What Am I Paying For?
There are three main types of expenses that not-for-profits encounter:
Program Costs
These are the first costs that jump to mind when thinking about a not-for-profit. These costs include all expenses directly related to your mission, such as the cost of providing vaccinations in a poor neighborhood or the cost of an actor to put on a dramatic play. As these are the first costs that come to mind, they are usually the easiest to determine.
Fundraising Costs
You have to spend a dollar to make a dollar. These are the costs related to obtaining revenues, such as employing a Development Director.
Administrative/Overhead
These are the backbone of the organization, the costs that it takes to keep a not-for-profit up and running. Expenses such as rent, utilities or an accounting staff may not be the first thing on a not-for-profit’s mind, but these costs are some of the most important ones a not-for-profit must understand. These administrative costs are the real costs.
The Need for Real Costs
Administrative costs have gotten a bad reputation over the years. These expenses are incorrectly viewed as expendable and unnecessary as they do not directly further the organization’s mission. However, without these real costs, a not-for-profit cannot maximize its mission. For example, as a not-for-profit grows, it will need a home, which means paying rent, utilities and other costs associated with a physical location. Office supplies, computers, a telephone and email system; all of these items are needed to keep a not-for-profit up and running. Most importantly, a strong accounting department is necessary for a healthy not-for-profit. Having a strong accounting department will help provide the best financial information to decision makers in the organization, such as management and the board of directors.

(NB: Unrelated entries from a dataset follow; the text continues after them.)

lemma expectation_multinomial_ffact_2_normalized_mult:
  assumes nonneg: "\<And>m. m < M \<Longrightarrow> p m \<ge> 0" and sum1: "(\<Sum>m<M. p m) = 1"
    and pos: "\<And>m. m < M \<Longrightarrow> p m > 0" and "n \<ge> 2" and "m < M" and "k < M"
  defines "c \<equiv> real n * (real n - 1)"
  shows "measure_pmf.expectation (multinomial_pmf n M p)
      (\<lambda>N. ffact 2 (real (N m)) / (c * (p m)\<^sup>2) * (ffact 2 (real (N k)) / (c * (p k)\<^sup>2)))
    = (real n - 2) * (real n - 3) / c
      + (if m = k then 4 * (real n - 2) / (c * p m) + 2 / (c * (p m)\<^sup>2) else 0)"
proof -
  have "c > 0"
    using \<open>n \<ge> 2\<close> by (simp add: c_def)
  have ffact_n: "ffact 2 (real n) = c" "ffact 3 (real n) = c * (real n - 2)"
      "ffact 4 (real n) = c * ((real n - 2) * (real n - 3))"
    by (simp_all add: c_def ffact_numeral_expand)
  have "measure_pmf.expectation (multinomial_pmf n M p)
      (\<lambda>N. ffact 2 (real (N m)) / (c * (p m)\<^sup>2) * (ffact 2 (real (N k)) / (c * (p k)\<^sup>2)))
    = measure_pmf.expectation (multinomial_pmf n M p)
        (\<lambda>N. ffact 2 (real (N m)) * ffact 2 (real (N k))) / (c\<^sup>2 * (p m * p k)\<^sup>2)"
    by (simp add: power_mult_distrib power2_eq_square field_simps)
  also have "\<dots> = (real n - 2) * (real n - 3) / c
      + (if m = k then 4 * (real n - 2) / (c * p m) + 2 / (c * (p m)\<^sup>2) else 0)"
    using expectation_multinomial_ffact_2_mult[OF nonneg sum1 \<open>m < M\<close> \<open>k < M\<close>, of n]
      pos[OF \<open>m < M\<close>] pos[OF \<open>k < M\<close>] \<open>c > 0\<close>
    by (simp add: ffact_n field_simps power2_eq_square power3_eq_cube)
  finally show ?thesis .
qed

lemma expectation_multinomial_statistic_squared:
  fixes \<alpha> :: "nat \<Rightarrow> real"
  assumes nonneg: "\<And>m. m < M \<Longrightarrow> p m \<ge> 0" and sum1: "(\<Sum>m<M. p m) = 1"
    and pos: "\<And>m. m < M \<Longrightarrow> p m > 0" and "n \<ge> 2"
  shows "measure_pmf.expectation (multinomial_pmf n M p)
      (\<lambda>N. (\<Sum>m<M. \<alpha> m * (real (N m * (N m - 1)) / (real n * (real n - 1) * (p m)\<^sup>2) - 1))\<^sup>2)
    = ((real n - 2) * (real n - 3) / (real n * (real n - 1)) - 1) * (\<Sum>m<M. \<alpha> m)\<^sup>2
      + 4 * (real n - 2) / (real n * (real n - 1)) * (\<Sum>m<M. (\<alpha> m)\<^sup>2 / p m)
      + 2 / (real n * (real n - 1)) * (\<Sum>m<M. (\<alpha> m)\<^sup>2 / (p m)\<^sup>2)"
proof -
  define c where "c = real n * (real n - 1)"
  define \<gamma> where "\<gamma> m = 4 * (real n - 2) / (c * p m) + 2 / (c * (p m)\<^sup>2)" for m
  have EW: "measure_pmf.expectation (multinomial_pmf n M p)
      (\<lambda>N. ffact 2 (real (N m)) / (c * (p m)\<^sup>2)) = 1" if "m < M" for m
    using expectation_multinomial_ffact[OF nonneg sum1 that, of n 2] pos[OF that] \<open>n \<ge> 2\<close>
    by (simp add: c_def ffact_numeral_expand)
  have "(\<alpha> m)\<^sup>2 * \<gamma> m = 4 * (real n - 2) / c * ((\<alpha> m)\<^sup>2 / p m) + 2 / c * ((\<alpha> m)\<^sup>2 / (p m)\<^sup>2)" for m
    by (simp add: \<gamma>_def algebra_simps diff_divide_distrib divide_divide_eq_left mult.commute)
  then have "(\<Sum>m<M. (\<alpha> m)\<^sup>2 * \<gamma> m)
      = 4 * (real n - 2) / c * (\<Sum>m<M. (\<alpha> m)\<^sup>2 / p m) + 2 / c * (\<Sum>m<M. (\<alpha> m)\<^sup>2 / (p m)\<^sup>2)"
    by (simp only: sum.distrib sum_distrib_left)
  with expectation_square_sum_centred[OF finite_set_pmf_multinomial_pmf[OF nonneg sum1] EW
      expectation_multinomial_ffact_2_normalized_mult[OF nonneg sum1 pos \<open>n \<ge> 2\<close>, folded c_def],
      where \<alpha> = \<alpha>]
  show ?thesis
    by (simp add: \<gamma>_def c_def ffact_2_of_nat add.assoc)
qed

Identifying the real costs it takes to run a not-for-profit is only the first step, however. Just as important is the need to fundraise for these costs. Many donors only look at the mission of the organization and therefore will only provide contributions that are restricted for use only for that mission. While these contributions are helpful to a not-for-profit, obtaining contributions that are free from restrictions, or unrestricted contributions, will give a not-for-profit more flexibility to manage operations. Therefore, educating donors on the need for real costs is key in sustaining a healthy not-for-profit organization.
If you have any questions regarding real costs and how they relate to your organization, contact Harry Fox at [email protected] or 312.670.7444. Visit orba.com to learn more about our Not-For-Profit Group.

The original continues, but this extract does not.